* Your instructions *
Your answer is the line containing "g \<longleftrightarrow> (\<exists>\<gamma>>0." plus every line after it to the end of the data below, transcribed exactly and with nothing else.

------ Data under study ------

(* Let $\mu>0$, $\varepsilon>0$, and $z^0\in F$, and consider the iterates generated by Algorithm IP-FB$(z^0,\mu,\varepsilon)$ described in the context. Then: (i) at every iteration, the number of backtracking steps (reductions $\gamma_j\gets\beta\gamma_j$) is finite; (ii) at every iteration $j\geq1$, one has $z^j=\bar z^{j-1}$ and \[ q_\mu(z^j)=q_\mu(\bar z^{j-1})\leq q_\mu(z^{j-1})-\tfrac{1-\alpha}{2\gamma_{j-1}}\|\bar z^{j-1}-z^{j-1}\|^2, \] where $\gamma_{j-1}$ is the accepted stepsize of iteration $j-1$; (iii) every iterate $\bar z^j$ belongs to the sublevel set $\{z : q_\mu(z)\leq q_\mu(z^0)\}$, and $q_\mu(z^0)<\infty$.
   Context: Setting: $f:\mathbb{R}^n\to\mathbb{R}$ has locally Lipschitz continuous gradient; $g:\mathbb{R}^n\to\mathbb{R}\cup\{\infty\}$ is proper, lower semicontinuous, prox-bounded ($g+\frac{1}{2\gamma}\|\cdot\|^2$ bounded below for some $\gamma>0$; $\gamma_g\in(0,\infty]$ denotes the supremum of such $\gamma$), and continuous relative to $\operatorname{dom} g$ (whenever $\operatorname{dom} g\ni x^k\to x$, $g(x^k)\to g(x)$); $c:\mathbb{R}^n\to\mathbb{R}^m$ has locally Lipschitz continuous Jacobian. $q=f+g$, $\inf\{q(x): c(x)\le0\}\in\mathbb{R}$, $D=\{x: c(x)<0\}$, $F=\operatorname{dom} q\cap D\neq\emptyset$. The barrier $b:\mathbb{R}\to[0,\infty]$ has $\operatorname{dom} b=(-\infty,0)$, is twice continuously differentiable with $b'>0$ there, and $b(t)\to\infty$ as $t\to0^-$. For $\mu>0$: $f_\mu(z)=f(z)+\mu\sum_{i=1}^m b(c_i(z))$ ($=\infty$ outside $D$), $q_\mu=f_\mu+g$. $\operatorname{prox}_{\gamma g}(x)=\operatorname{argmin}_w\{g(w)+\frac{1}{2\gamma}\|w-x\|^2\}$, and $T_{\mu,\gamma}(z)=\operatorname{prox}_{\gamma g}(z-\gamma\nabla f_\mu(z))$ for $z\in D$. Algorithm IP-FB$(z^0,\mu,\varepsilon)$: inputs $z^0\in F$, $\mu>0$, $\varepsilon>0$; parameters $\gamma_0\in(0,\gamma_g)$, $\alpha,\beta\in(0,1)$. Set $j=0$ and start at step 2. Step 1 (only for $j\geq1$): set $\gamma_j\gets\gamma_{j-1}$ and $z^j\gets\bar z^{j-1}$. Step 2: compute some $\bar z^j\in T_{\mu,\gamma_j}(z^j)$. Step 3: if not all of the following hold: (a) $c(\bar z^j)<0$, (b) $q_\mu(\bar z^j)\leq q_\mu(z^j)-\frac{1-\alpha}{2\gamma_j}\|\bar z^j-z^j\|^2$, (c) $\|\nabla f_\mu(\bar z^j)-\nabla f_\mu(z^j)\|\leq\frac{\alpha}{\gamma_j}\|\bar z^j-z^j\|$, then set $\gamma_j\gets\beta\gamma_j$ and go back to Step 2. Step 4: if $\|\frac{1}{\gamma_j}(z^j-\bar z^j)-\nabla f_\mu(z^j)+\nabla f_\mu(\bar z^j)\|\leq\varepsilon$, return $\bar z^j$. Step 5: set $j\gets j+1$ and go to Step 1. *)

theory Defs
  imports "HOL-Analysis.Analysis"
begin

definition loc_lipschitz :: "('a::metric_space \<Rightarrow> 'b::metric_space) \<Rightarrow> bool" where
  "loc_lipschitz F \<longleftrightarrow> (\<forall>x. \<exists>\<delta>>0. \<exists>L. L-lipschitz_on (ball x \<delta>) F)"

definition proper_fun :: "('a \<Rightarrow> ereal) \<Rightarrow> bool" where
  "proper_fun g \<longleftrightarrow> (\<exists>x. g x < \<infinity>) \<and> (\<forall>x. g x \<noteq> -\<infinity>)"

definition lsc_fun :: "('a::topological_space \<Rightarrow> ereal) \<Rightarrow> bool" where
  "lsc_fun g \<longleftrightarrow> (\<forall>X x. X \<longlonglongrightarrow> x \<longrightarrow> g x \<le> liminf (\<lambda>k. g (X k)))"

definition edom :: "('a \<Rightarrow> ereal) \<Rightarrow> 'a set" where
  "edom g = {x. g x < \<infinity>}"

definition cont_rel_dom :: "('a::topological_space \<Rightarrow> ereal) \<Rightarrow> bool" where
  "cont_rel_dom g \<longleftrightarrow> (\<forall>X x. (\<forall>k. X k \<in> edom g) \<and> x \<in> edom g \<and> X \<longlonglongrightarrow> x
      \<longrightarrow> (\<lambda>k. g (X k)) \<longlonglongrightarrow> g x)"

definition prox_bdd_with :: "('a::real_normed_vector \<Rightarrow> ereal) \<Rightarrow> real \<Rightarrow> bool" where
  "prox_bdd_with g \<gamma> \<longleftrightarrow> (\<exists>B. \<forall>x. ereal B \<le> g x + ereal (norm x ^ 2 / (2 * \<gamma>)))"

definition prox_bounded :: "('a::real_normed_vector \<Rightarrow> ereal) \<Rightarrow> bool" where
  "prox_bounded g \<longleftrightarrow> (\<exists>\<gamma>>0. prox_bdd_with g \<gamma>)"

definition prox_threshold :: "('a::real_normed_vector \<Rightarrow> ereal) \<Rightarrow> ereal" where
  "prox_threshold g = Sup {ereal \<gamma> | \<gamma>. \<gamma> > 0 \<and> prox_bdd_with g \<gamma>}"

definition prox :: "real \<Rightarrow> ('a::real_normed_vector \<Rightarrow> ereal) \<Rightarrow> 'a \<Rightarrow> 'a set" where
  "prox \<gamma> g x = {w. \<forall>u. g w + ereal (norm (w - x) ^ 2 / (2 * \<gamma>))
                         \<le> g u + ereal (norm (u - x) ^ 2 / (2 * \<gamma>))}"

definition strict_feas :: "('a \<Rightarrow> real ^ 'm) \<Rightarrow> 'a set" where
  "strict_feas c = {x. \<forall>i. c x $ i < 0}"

------

* Solution *
  "prox_bounded g \<longleftrightarrow> (\<exists>\<gamma>>0. prox_bdd_with g \<gamma>)"

definition prox_threshold :: "('a::real_normed_vector \<Rightarrow> ereal) \<Rightarrow> ereal" where
  "prox_threshold g = Sup {ereal \<gamma> | \<gamma>. \<gamma> > 0 \<and> prox_bdd_with g \<gamma>}"

definition prox :: "real \<Rightarrow> ('a::real_normed_vector \<Rightarrow> ereal) \<Rightarrow> 'a \<Rightarrow> 'a set" where
  "prox \<gamma> g x = {w. \<forall>u. g w + ereal (norm (w - x) ^ 2 / (2 * \<gamma>))
                         \<le> g u + ereal (norm (u - x) ^ 2 / (2 * \<gamma>))}"

definition strict_feas :: "('a \<Rightarrow> real ^ 'm) \<Rightarrow> 'a set" where
  "strict_feas c = {x. \<forall>i. c x $ i < 0}"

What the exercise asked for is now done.